■ **Assignment**: When you reach the line with "V E (\<lambda>v." in the data below, begin printing lines exactly, and stop once the line with "(\<lambda>a. cycle_of_list (cs" has been printed.

■ **Provided data**:
<<<<

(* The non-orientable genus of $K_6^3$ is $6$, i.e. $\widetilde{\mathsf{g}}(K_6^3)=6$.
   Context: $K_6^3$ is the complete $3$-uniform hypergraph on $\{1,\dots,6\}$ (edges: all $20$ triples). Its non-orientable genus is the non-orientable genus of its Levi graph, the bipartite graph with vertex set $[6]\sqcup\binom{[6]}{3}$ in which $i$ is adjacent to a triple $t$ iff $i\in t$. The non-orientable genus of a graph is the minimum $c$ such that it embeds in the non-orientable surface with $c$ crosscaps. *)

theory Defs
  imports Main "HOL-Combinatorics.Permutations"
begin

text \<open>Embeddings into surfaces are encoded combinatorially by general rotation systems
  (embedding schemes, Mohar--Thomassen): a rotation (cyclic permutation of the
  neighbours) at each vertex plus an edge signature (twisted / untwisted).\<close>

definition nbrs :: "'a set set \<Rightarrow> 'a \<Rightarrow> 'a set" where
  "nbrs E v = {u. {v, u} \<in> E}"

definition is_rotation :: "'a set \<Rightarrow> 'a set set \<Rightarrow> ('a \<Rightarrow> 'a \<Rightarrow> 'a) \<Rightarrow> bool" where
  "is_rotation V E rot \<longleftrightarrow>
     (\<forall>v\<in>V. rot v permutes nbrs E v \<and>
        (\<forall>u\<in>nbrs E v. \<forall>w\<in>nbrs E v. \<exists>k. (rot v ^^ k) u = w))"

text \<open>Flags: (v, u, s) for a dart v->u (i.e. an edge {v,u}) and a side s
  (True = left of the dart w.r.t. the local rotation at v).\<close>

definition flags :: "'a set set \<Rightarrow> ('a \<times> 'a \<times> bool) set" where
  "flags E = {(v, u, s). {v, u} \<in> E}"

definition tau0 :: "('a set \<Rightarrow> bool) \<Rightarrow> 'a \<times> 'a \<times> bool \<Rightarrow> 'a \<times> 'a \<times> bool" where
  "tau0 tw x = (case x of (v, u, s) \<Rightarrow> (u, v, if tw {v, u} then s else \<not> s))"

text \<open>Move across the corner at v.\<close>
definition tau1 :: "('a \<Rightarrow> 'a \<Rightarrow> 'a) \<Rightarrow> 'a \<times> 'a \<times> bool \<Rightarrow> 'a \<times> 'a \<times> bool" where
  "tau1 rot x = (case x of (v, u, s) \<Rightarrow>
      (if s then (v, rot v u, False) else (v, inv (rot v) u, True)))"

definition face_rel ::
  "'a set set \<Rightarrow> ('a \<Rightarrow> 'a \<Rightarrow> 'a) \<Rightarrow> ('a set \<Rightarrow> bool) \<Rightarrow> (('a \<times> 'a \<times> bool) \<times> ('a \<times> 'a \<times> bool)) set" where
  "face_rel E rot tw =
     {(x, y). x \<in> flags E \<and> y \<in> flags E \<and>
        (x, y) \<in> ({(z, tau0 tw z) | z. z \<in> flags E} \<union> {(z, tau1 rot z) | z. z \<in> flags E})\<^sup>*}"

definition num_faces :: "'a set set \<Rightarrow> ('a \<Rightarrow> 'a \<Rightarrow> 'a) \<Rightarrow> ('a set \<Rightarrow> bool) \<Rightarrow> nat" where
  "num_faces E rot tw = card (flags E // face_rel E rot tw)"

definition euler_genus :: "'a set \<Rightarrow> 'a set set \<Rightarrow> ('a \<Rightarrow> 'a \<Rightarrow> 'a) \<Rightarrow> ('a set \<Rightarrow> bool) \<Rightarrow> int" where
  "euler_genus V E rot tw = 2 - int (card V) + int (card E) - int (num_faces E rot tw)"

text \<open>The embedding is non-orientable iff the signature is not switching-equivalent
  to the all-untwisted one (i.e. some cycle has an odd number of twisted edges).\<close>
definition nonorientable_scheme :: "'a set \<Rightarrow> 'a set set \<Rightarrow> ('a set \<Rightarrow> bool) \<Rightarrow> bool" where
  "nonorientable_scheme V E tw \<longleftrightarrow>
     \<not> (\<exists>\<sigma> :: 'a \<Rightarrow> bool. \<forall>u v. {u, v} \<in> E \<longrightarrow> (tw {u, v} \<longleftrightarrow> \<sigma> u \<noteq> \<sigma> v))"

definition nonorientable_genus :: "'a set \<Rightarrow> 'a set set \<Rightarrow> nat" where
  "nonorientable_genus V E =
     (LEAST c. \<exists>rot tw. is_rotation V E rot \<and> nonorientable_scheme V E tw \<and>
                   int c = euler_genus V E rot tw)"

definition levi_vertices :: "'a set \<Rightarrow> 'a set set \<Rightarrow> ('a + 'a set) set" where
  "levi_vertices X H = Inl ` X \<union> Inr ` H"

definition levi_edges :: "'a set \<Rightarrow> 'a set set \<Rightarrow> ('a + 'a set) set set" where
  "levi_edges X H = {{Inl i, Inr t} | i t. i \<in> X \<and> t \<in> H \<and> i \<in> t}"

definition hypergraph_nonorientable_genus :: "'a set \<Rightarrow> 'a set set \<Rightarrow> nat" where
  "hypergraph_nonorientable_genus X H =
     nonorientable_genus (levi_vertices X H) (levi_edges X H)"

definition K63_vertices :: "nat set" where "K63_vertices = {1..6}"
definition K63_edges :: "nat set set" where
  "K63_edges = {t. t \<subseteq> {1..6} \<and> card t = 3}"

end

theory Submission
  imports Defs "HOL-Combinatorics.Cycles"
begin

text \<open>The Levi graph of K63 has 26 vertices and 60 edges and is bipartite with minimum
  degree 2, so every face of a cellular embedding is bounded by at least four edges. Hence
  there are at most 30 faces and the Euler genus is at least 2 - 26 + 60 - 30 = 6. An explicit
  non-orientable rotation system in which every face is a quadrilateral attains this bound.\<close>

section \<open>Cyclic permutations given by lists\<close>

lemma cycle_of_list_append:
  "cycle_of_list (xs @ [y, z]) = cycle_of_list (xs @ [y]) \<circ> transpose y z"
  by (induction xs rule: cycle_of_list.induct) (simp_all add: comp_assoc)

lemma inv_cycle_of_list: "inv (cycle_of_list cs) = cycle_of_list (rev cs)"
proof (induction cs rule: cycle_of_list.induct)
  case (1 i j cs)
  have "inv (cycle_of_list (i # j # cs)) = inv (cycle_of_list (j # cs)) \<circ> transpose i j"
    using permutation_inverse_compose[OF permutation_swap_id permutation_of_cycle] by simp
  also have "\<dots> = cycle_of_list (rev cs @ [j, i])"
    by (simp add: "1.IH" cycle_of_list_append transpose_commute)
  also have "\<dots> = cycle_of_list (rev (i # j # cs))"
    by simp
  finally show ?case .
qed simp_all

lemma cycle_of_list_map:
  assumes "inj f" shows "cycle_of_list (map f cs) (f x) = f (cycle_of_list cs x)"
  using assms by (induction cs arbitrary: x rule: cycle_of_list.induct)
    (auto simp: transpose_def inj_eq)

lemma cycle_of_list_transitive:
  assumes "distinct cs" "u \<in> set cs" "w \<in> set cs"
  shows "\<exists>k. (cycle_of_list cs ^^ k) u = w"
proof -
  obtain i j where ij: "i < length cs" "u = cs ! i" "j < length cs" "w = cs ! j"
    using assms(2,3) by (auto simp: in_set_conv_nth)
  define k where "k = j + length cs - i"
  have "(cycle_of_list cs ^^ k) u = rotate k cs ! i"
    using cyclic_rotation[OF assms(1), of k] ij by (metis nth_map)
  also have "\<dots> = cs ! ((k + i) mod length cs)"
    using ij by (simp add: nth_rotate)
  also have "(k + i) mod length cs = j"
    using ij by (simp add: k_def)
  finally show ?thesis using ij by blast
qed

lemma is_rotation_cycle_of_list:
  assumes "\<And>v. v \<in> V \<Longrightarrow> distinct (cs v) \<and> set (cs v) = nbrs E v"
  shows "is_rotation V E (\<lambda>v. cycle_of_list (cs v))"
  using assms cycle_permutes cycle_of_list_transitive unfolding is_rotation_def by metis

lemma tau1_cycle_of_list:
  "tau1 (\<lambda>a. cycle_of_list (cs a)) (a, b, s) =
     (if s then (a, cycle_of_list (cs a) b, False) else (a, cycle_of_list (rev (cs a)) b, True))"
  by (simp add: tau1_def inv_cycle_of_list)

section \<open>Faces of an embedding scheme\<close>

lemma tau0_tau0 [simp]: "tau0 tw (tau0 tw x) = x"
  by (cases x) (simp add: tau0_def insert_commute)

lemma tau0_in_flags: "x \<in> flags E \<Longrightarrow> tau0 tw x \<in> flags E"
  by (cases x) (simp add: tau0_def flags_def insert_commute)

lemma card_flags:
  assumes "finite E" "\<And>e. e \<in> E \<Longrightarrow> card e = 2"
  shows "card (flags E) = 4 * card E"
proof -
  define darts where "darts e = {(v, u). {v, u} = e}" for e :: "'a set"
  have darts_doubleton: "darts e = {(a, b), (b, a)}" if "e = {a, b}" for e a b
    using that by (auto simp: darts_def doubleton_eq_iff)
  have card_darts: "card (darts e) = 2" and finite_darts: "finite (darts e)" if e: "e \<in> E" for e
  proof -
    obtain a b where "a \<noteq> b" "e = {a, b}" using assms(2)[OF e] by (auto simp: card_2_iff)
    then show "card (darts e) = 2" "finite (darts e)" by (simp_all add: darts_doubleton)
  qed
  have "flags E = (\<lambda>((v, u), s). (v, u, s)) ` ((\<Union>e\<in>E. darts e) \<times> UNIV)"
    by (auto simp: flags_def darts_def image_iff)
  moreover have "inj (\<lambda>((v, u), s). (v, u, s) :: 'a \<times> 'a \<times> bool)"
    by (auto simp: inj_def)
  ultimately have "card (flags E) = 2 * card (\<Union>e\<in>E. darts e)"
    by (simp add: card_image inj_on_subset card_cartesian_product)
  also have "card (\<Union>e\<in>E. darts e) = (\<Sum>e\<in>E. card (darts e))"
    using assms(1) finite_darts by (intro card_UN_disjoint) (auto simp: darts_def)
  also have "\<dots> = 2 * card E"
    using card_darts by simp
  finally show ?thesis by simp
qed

>>>>

■ **Response to this exercise**:
  shows "is_rotation V E (\<lambda>v. cycle_of_list (cs v))"
  using assms cycle_permutes cycle_of_list_transitive unfolding is_rotation_def by metis

lemma tau1_cycle_of_list:
  "tau1 (\<lambda>a. cycle_of_list (cs a)) (a, b, s) =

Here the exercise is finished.